All eyes have been on Joe Biden’s incoming administration in the US, gauging exactly how much pre-election promises to act strongly on climate will be adhered to. Generally, there are two possibilities.
First, that the leadership falls into a centrist, incrementalist trap that goes far too slow, centres half-measures and prioritises trying to plead with a Republican party that will never come to the table. This drove much of the Obama-era investments in fossil gas, resulting in an American electricity grid that remains incredibly emissions intensive, despite falling numbers over recent years.

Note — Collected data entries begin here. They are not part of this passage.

(* Let $P\in\Delta_{\mathcal{T},\mathcal{X},\mathcal{Y}}$. If the set of minimizers of $Q\mapsto I_Q(T:X\mid Y)$ over $\Delta_P$ contains more than one element, then there exists a minimizer lying on the relative boundary of $\Delta_P$.
   Context: $T,X,Y$ are random variables with finite state spaces $\mathcal{T},\mathcal{X},\mathcal{Y}$; $\Delta_{\mathcal{T},\mathcal{X},\mathcal{Y}}$ is the set of all joint distributions on $\mathcal{T}\times\mathcal{X}\times\mathcal{Y}$. For $P\in\Delta_{\mathcal{T},\mathcal{X},\mathcal{Y}}$, $\Delta_P=\{Q\in\Delta_{\mathcal{T},\mathcal{X},\mathcal{Y}}: Q(X=x,T=t)=P(X=x,T=t),\ Q(Y=y,T=t)=P(Y=y,T=t)\ \forall x,y,t\}$, a polytope. $I_Q(T:X\mid Y)$ is the conditional mutual information computed under $Q$. On $\Delta_P$, minimizing $I_Q(T:X\mid Y)$ is equivalent to maximizing the conditional entropy $H_Q(T\mid X,Y)$. *)

theory Defs
  imports "HOL-Analysis.Analysis"
begin

text \<open>Joint distributions of (T,X,Y) on finite state spaces 't, 'x, 'y, represented as
  vectors in the Euclidean space real ^ ('t \<times> 'x \<times> 'y), so that affine notions
  (relative interior / relative boundary) are available from HOL-Analysis.\<close>

definition joint_dists :: "(real ^ ('t::finite \<times> 'x::finite \<times> 'y::finite)) set" where
  "joint_dists = {Q. (\<forall>i. 0 \<le> Q $ i) \<and> (\<Sum>i\<in>UNIV. Q $ i) = 1}"

definition marg_TX :: "real ^ ('t::finite \<times> 'x::finite \<times> 'y::finite) \<Rightarrow> 't \<Rightarrow> 'x \<Rightarrow> real" where
  "marg_TX Q t x = (\<Sum>y\<in>UNIV. Q $ (t, x, y))"

definition marg_TY :: "real ^ ('t::finite \<times> 'x::finite \<times> 'y::finite) \<Rightarrow> 't \<Rightarrow> 'y \<Rightarrow> real" where
  "marg_TY Q t y = (\<Sum>x\<in>UNIV. Q $ (t, x, y))"

definition marg_XY :: "real ^ ('t::finite \<times> 'x::finite \<times> 'y::finite) \<Rightarrow> 'x \<Rightarrow> 'y \<Rightarrow> real" where
  "marg_XY Q x y = (\<Sum>t\<in>UNIV. Q $ (t, x, y))"

definition marg_Y :: "real ^ ('t::finite \<times> 'x::finite \<times> 'y::finite) \<Rightarrow> 'y \<Rightarrow> real" where
  "marg_Y Q y = (\<Sum>t\<in>UNIV. \<Sum>x\<in>UNIV. Q $ (t, x, y))"

definition Delta_P :: "real ^ ('t::finite \<times> 'x::finite \<times> 'y::finite) \<Rightarrow> (real ^ ('t \<times> 'x \<times> 'y)) set" where
  "Delta_P P = {Q \<in> joint_dists. (\<forall>t x. marg_TX Q t x = marg_TX P t x) \<and>
                                  (\<forall>t y. marg_TY Q t y = marg_TY P t y)}"

definition cond_mutual_info :: "real ^ ('t::finite \<times> 'x::finite \<times> 'y::finite) \<Rightarrow> real" where
  "cond_mutual_info Q = (\<Sum>(t, x, y)\<in>UNIV.
     if 0 < Q $ (t, x, y)
     then Q $ (t, x, y) * ln ((Q $ (t, x, y) * marg_Y Q y) / (marg_XY Q x y * marg_TY Q t y))
     else 0)"

definition CMI_minimizers :: "real ^ ('t::finite \<times> 'x::finite \<times> 'y::finite) \<Rightarrow> (real ^ ('t \<times> 'x \<times> 'y)) set" where
  "CMI_minimizers P = {Q \<in> Delta_P P. \<forall>Q'\<in>Delta_P P. cond_mutual_info Q \<le> cond_mutual_info Q'}"

end

theory Submission
  imports Defs
begin

text \<open>On \<open>\<Delta>\<^sub>P\<close> the \<open>(T,Y)\<close>-marginal is fixed, so \<open>I(T:X|Y) = H(T|Y) - H(T|X,Y)\<close> is a
  constant plus \<open>-H(T|X,Y)\<close>. The latter is a sum over the fibres \<open>(x,y)\<close> of the function
  \<open>v \<mapsto> \<Sum>\<^sub>t v\<^sub>t ln (v\<^sub>t / \<Sum> v)\<close>, which is convex and positively homogeneous; by the equality
  case of Gibbs' inequality it is affine on a segment only if the fibres of the endpoints are
  proportional, and then it is affine on the whole line through them. So if two distinct
  distributions minimize, the objective is constant on the line through them, and the point where
  this line leaves the polytope \<open>\<Delta>\<^sub>P\<close> is a minimizer with a vanishing coordinate, hence on the
  relative boundary.\<close>

text \<open>For nonnegative weights \<open>v\<close> this is \<open>-(\<Sum> v) \<cdot> H(v / \<Sum> v)\<close>.\<close>
definition neg_entropy :: "('t::finite \<Rightarrow> real) \<Rightarrow> real" where
  "neg_entropy v = (\<Sum>t\<in>UNIV. v t * ln (v t / sum v UNIV))"

lemma neg_entropy_scale: "neg_entropy (\<lambda>t. c * v t) = c * neg_entropy v"
proof (cases "c = 0")
  case False
  have "sum (\<lambda>t. c * v t) UNIV = c * sum v UNIV" by (simp add: sum_distrib_left)
  then have "neg_entropy (\<lambda>t. c * v t) = (\<Sum>t\<in>UNIV. c * (v t * ln (v t / sum v UNIV)))"
    unfolding neg_entropy_def using False by (intro sum.cong) auto
  then show ?thesis by (simp add: neg_entropy_def sum_distrib_left)
qed (simp add: neg_entropy_def)

lemma mult_ln_div_ge:
  fixes a b :: real
  assumes "0 \<le> a" "0 \<le> b" "b = 0 \<Longrightarrow> a = 0"
  shows "a - b \<le> a * ln (a / b)"
    and "a * ln (a / b) = a - b \<Longrightarrow> a = b"
proof -
  consider "a = 0" | "0 < a" "0 < b" using assms by linarith
  then have "a - b \<le> a * ln (a / b) \<and> (a * ln (a / b) = a - b \<longrightarrow> a = b)"
  proof cases
    case 2
    have "a * ln (a / b) = - a * ln (b / a)" using 2 by (simp add: ln_div algebra_simps)
    moreover have "ln (b / a) \<le> b / a - 1" using 2 by (intro ln_le_minus_one) simp
    moreover have "ln (b / a) = b / a - 1 \<Longrightarrow> b / a = 1" using 2 by (intro ln_eq_minus_one) simp
    ultimately show ?thesis using 2 by (auto simp: field_simps mult_left_mono)
  qed (use assms in auto)
  then show "a - b \<le> a * ln (a / b)" "a * ln (a / b) = a - b \<Longrightarrow> a = b" by blast+
qed
lemma (in group) word_eval_word_equiv:
  assumes "word_equiv R u v" "\<And>i. s i \<in> carrier G" "\<And>r. r \<in> R \<Longrightarrow> word_eval G s r = \<one>"
  shows "word_eval G s u = word_eval G s v"
  using assms(1)
proof induction
  case (cancel u i b v)
  have "word_eval G s ([(i, b), (i, \<not> b)] @ v) = word_eval G s v"
    using assms(2) by (auto simp: m_assoc[symmetric] word_eval_closed)
  then show ?case using assms(2) by (simp only: word_eval_append)
next
  case (relator r u v)
  then show ?case using assms(2,3) by (simp add: word_eval_append word_eval_closed)
qed auto

lemma (in group) generate_imp_word_eval:
  assumes "g \<in> generate G (s ` {..<n})" "\<And>i. s i \<in> carrier G"
  shows "\<exists>w. (\<forall>(i, b)\<in>set w. i < n) \<and> word_eval G s w = g"
  using assms(1)
proof induction
  case one
  show ?case by (intro exI[of _ "[]"]) auto
next
  case (incl h)
  then obtain i where "i < n" "h = s i" by auto
  then show ?case using assms(2) by (intro exI[of _ "[(i, False)]"]) auto
next
  case (inv h)
  then obtain i where "i < n" "h = s i" by auto
  then show ?case using assms(2) by (intro exI[of _ "[(i, True)]"]) auto
next
  case (eng h1 h2)
  then obtain w1 w2 where "\<forall>(i, b)\<in>set w1. i < n" "word_eval G s w1 = h1"
    "\<forall>(i, b)\<in>set w2. i < n" "word_eval G s w2 = h2" by blast
  then show ?case using assms(2) by (intro exI[of _ "w1 @ w2"]) (auto simp: word_eval_append)
qed

definition list_of_set :: "'x set \<Rightarrow> 'x list" where
  "list_of_set A = (SOME xs. set xs = A)"

lemma set_list_of_set [simp]: "finite A \<Longrightarrow> set (list_of_set A) = A"
  unfolding list_of_set_def by (rule someI_ex) (rule finite_list)

definition term_of_word :: "word \<Rightarrow> gterm" where
  "term_of_word w = foldr (\<lambda>(i, b) t. GMul (if b then GInv (GVar i) else GVar i) t) w GOne"

lemma gterm_eval_term_of_word [simp]: "gterm_eval G e (term_of_word w) = word_eval G e w"
  by (induction w) (auto simp: term_of_word_def word_eval_def)

fun qf_all :: "gqf list \<Rightarrow> gqf" where
  "qf_all [] = GEq GOne GOne"
| "qf_all (\<phi> # \<phi>s) = GConj \<phi> (qf_all \<phi>s)"

fun qf_any :: "gqf list \<Rightarrow> gqf" where
  "qf_any [] = GNeg (GEq GOne GOne)"
| "qf_any (\<phi> # \<phi>s) = GDisj \<phi> (qf_any \<phi>s)"

lemma gqf_sat_qf_all [simp]: "gqf_sat G e (qf_all \<phi>s) \<longleftrightarrow> (\<forall>\<phi>\<in>set \<phi>s. gqf_sat G e \<phi>)"
  by (induction \<phi>s) auto

lemma gqf_sat_qf_any [simp]: "gqf_sat G e (qf_any \<phi>s) \<longleftrightarrow> (\<exists>\<phi>\<in>set \<phi>s. gqf_sat G e \<phi>)"
  by (induction \<phi>s) auto

definition qf_inj_on :: "('x \<Rightarrow> gterm) \<Rightarrow> 'x list \<Rightarrow> gqf" where
  "qf_inj_on t xs = qf_all [GNeg (GEq (t x) (t y)). x \<leftarrow> xs, y \<leftarrow> xs, x \<noteq> y]"

lemma gqf_sat_qf_inj_on [simp]:
  "gqf_sat G e (qf_inj_on t xs) \<longleftrightarrow> inj_on (\<lambda>x. gterm_eval G e (t x)) (set xs)"
  by (auto simp: qf_inj_on_def inj_on_def)

definition qf_same_values :: "gterm list \<Rightarrow> gterm list \<Rightarrow> gqf" where
  "qf_same_values ts us =
     GConj (qf_all [qf_any [GEq t u. u \<leftarrow> us]. t \<leftarrow> ts]) (qf_all [qf_any [GEq t u. t \<leftarrow> ts]. u \<leftarrow> us])"

lemma gqf_sat_qf_same_values [simp]:
  "gqf_sat G e (qf_same_values ts us) \<longleftrightarrow> gterm_eval G e ` set ts = gterm_eval G e ` set us"
  by (auto simp: qf_same_values_def) (metis imageI imageE)+
definition secure_domination_number :: "'a set \<Rightarrow> ('a \<Rightarrow> 'a \<Rightarrow> bool) \<Rightarrow> nat" where
  "secure_domination_number V adj = Min {card S | S. secure_dominating V adj S}"

definition is_clique :: "'a set \<Rightarrow> ('a \<Rightarrow> 'a \<Rightarrow> bool) \<Rightarrow> 'a set \<Rightarrow> bool" where
  "is_clique V adj C \<longleftrightarrow> C \<subseteq> V \<and> (\<forall>a \<in> C. \<forall>b \<in> C. a \<noteq> b \<longrightarrow> adj a b)"

definition two_cliques_union :: "'a set \<Rightarrow> ('a \<Rightarrow> 'a \<Rightarrow> bool) \<Rightarrow> bool" where
  "two_cliques_union V adj \<longleftrightarrow> (\<exists>A B. A \<noteq> {} \<and> B \<noteq> {} \<and> A \<inter> B = {} \<and> A \<union> B = V \<and>
      is_clique V adj A \<and> is_clique V adj B \<and> (\<forall>a \<in> A. \<forall>b \<in> B. \<not> adj a b))"

inductive cograph :: "'a set \<Rightarrow> ('a \<Rightarrow> 'a \<Rightarrow> bool) \<Rightarrow> bool" where
  single: "\<not> adj v v \<Longrightarrow> cograph {v} adj"
| compl: "cograph V adj \<Longrightarrow> (\<forall>x \<in> V. \<forall>y \<in> V. adj' x y \<longleftrightarrow> x \<noteq> y \<and> \<not> adj x y)
           \<Longrightarrow> cograph V adj'"
| disj_union: "length Vs \<ge> 2 \<Longrightarrow> (\<forall>i < length Vs. Vs ! i \<noteq> {} \<and> cograph (Vs ! i) adj)
           \<Longrightarrow> (\<forall>i < length Vs. \<forall>j < length Vs. i \<noteq> j \<longrightarrow> Vs ! i \<inter> Vs ! j = {})
           \<Longrightarrow> (\<forall>i < length Vs. \<forall>j < length Vs. i \<noteq> j \<longrightarrow>
                  (\<forall>x \<in> Vs ! i. \<forall>y \<in> Vs ! j. \<not> adj x y))
           \<Longrightarrow> cograph (\<Union>(set Vs)) adj"

definition is_join_of_cographs :: "'a set \<Rightarrow> ('a \<Rightarrow> 'a \<Rightarrow> bool) \<Rightarrow> bool" where
  "is_join_of_cographs V adj \<longleftrightarrow> (\<exists>Vs. length Vs \<ge> 2 \<and> \<Union>(set Vs) = V \<and>
      (\<forall>i < length Vs. Vs ! i \<noteq> {} \<and> cograph (Vs ! i) adj) \<and>
      (\<forall>i < length Vs. \<forall>j < length Vs. i \<noteq> j \<longrightarrow> Vs ! i \<inter> Vs ! j = {}) \<and>
      (\<forall>i < length Vs. \<forall>j < length Vs. i \<noteq> j \<longrightarrow> (\<forall>x \<in> Vs ! i. \<forall>y \<in> Vs ! j. adj x y)))"

definition property_P :: "'a set \<Rightarrow> ('a \<Rightarrow> 'a \<Rightarrow> bool) \<Rightarrow> bool" where
  "property_P V adj \<longleftrightarrow> is_join_of_cographs V adj \<and>
     (\<exists>x \<in> V. \<exists>y \<in> V. x \<noteq> y \<and> dominating V adj {x, y} \<and>
        (V - closed_nbhd V adj x = {} \<or> is_clique V adj (V - closed_nbhd V adj x)) \<and>
        (V - closed_nbhd V adj y = {} \<or> is_clique V adj (V - closed_nbhd V adj y)))"

text \<open>Inner vertices: Node True cs has label +, Node False cs has label \<union>.\<close>
datatype 'a cotree = Leaf 'a | Node bool "'a cotree list"

fun leaves :: "'a cotree \<Rightarrow> 'a set" where
  "leaves (Leaf v) = {v}"
| "leaves (Node b cs) = (\<Union>c \<in> set cs. leaves c)"

text \<open>Adjacency in the graph T(v) represented by a (sub)cotree.\<close>
fun cadj :: "'a cotree \<Rightarrow> 'a \<Rightarrow> 'a \<Rightarrow> bool" where
  "cadj (Leaf v) x y = False"
| "cadj (Node b cs) x y = ((\<exists>c \<in> set cs. cadj c x y) \<or>
     (b \<and> (\<exists>i < length cs. \<exists>j < length cs. i \<noteq> j \<and> x \<in> leaves (cs ! i) \<and> y \<in> leaves (cs ! j))))"

fun is_join_node :: "'a cotree \<Rightarrow> bool" where
  "is_join_node (Leaf v) = False"
| "is_join_node (Node b cs) = b"

fun is_union_node :: "'a cotree \<Rightarrow> bool" where
  "is_union_node (Leaf v) = False"
| "is_union_node (Node b cs) = (\<not> b)"

fun is_leaf :: "'a cotree \<Rightarrow> bool" where
  "is_leaf (Leaf v) = True"
| "is_leaf (Node b cs) = False"

fun children :: "'a cotree \<Rightarrow> 'a cotree list" where
  "children (Leaf v) = []"
| "children (Node b cs) = cs"

text \<open>Canonical cotree: every inner vertex has at least two children, labels alternate,
and the leaf sets of distinct children are disjoint (so the leaves are distinct vertices).\<close>
fun canonical_cotree :: "'a cotree \<Rightarrow> bool" where
  "canonical_cotree (Leaf v) = True"
| "canonical_cotree (Node b cs) = (length cs \<ge> 2 \<and>
     (\<forall>c \<in> set cs. canonical_cotree c \<and> (is_leaf c \<or> is_join_node c \<noteq> b)) \<and>
     (\<forall>i < length cs. \<forall>j < length cs. i \<noteq> j \<longrightarrow> leaves (cs ! i) \<inter> leaves (cs ! j) = {}))"

text \<open>All vertices of the cotree (each vertex identified with the subtree rooted at it).\<close>
fun subtrees :: "'a cotree \<Rightarrow> 'a cotree set" where
  "subtrees (Leaf v) = {Leaf v}"
| "subtrees (Node b cs) = insert (Node b cs) (\<Union>c \<in> set cs. subtrees c)"

abbreviation gamma_T :: "'a cotree \<Rightarrow> nat" where
  "gamma_T t \<equiv> domination_number (leaves t) (cadj t)"

abbreviation gamma_s_T :: "'a cotree \<Rightarrow> nat" where
  "gamma_s_T t \<equiv> secure_domination_number (leaves t) (cadj t)"

definition label_R :: "'a cotree \<Rightarrow> bool" where
  "label_R u \<longleftrightarrow> is_union_node u \<and> length (children u) = 2 \<and>
     (\<exists>i < 2. \<exists>j < 2. i \<noteq> j \<and> gamma_T (children u ! i) = 1 \<and> gamma_s_T (children u ! j) = 1)"

end

theory Submission
  imports Defs
begin

text \<open>In a join vertex c every vertex is adjacent to all vertices outside its own child.
Hence the non-neighbourhood of a vertex x of T(c) is its non-neighbourhood inside the child
containing x, and two vertices from different children always dominate T(c). So a pair as
required by property P consists either of two vertices from different children, each of which
has a clique as non-neighbourhood within its child, or of such a dominating pair inside a
single child. The children are leaves or union vertices. In a union vertex u the
non-neighbourhood of x contains all children other than the one of x, and these are pairwise
non-adjacent; so it is a clique exactly when u has two children, x is universal in its own child
and the other child is complete. As gamma = 1 means that there is a universal vertex and
gamma_s = 1 means completeness, this is label R. Finally, a dominating pair of u meets both
children of u, which forces both of them to be complete.\<close>

lemma distinct_length_2_iff:
  assumes "distinct xs"
  shows "length xs = 2 \<and> a \<in> set xs \<and> b \<in> set xs \<and> a \<noteq> b \<longleftrightarrow> set xs = {a, b} \<and> a \<noteq> b"
proof
  assume h: "length xs = 2 \<and> a \<in> set xs \<and> b \<in> set xs \<and> a \<noteq> b"
  then have "{a, b} \<subseteq> set xs" "card {a, b} = card (set xs)"
    using distinct_card[OF assms] by auto
  then have "{a, b} = set xs" by (intro card_subset_eq) auto
  with h show "set xs = {a, b} \<and> a \<noteq> b" by simp
next
  assume h: "set xs = {a, b} \<and> a \<noteq> b"
  then have "length xs = card {a, b}" using distinct_card[OF assms] by simp
  with h show "length xs = 2 \<and> a \<in> set xs \<and> b \<in> set xs \<and> a \<noteq> b" by simp
qed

The second possibility is that the Biden administration is different: that it will favour renewable energy, green jobs, community and racial-justice driven action favoured by the progressive factions of the Democrats, and groups like the Sunrise Movement and other climate activists.
Possibility #1 would be pure heaven for the Morrison government. “We produce more natural gas than ever before – and nearly everyone’s energy bill is lower because of it” could be uttered by Angus Taylor or Scott Morrison today – Barack Obama said that in 2014. However, the early signs are actually looking like possibility number two – stronger climate action, focused on justice and global leadership – seems like it might be the more likely reality; though perhaps not to the full extent that climate groups call for.
The naming of former secretary of state John Kerry as “special envoy for climate” has been welcomed by those climate groups. The Sunrise Movement’s co-founder Varshini Prakash said “I served w/ Sec Kerry this summer on the Biden-Sanders taskforce & one thing is clear: he really does care about stopping climate change. That’s something we can work with”. Kerry has led the “World War Zero” initiative, which pushes for the elevation of the climate issue into common discourse, across political spectra, across industries and across countries. It is the precise, direct, geometric opposite of Scott Morrison’s pleas to just stop talking about climate.
“We’ve got to start by saying the basic overall plan we can all agree on is we’ve got to get to net zero, low carbon, no carbon economy by 2045, 2050, or earlier. The “or earlier” is very important to that discussion, because with the right leadership, we can do this earlier. We could make that happen”, Kerry told climate newsletter Heated. It is much closer to, say, Australia’s Zali Steggall than to language of the Greens party, but that’s not the relevant point. Kerry wants everyone to be talking about climate change.
Scott Morrison’s core climate tactic – trying to encourage us all to forget about climate change by offering weak promises and ineffective policies repeated ad nauseam so as to make us plead for another topic – will not work with a Biden administration that leans towards stronger, more brazen climate action rather than centrist go-slow thinking. If you need confirmation of the nervousness about this, the Australian’s Paul Kelly has already begun the hand-wringing. “The entire progressive movement in Australia will have a rich series of messages from him with which to hound Scott Morrison”, worries Kelly.
John Kerry is no grassroots justice warrior, and that may alienate some, often with good reason. But he is very specifically the anti-Morrison. He wants to elevate climate change, increase focus on the issue across ideologies, parties, regions and countries, and he wants to put the fight back into climate. “I am heated. I think that anybody who understands the science cannot be content with where we are. And I say to people who I’m trying to enlist—you can’t retire. You can’t walk away from this fight. We’ve gotta get this done”. For an Australian prime minister focused solely on defusing and denying the challenge, this must be truly terrifying to hear.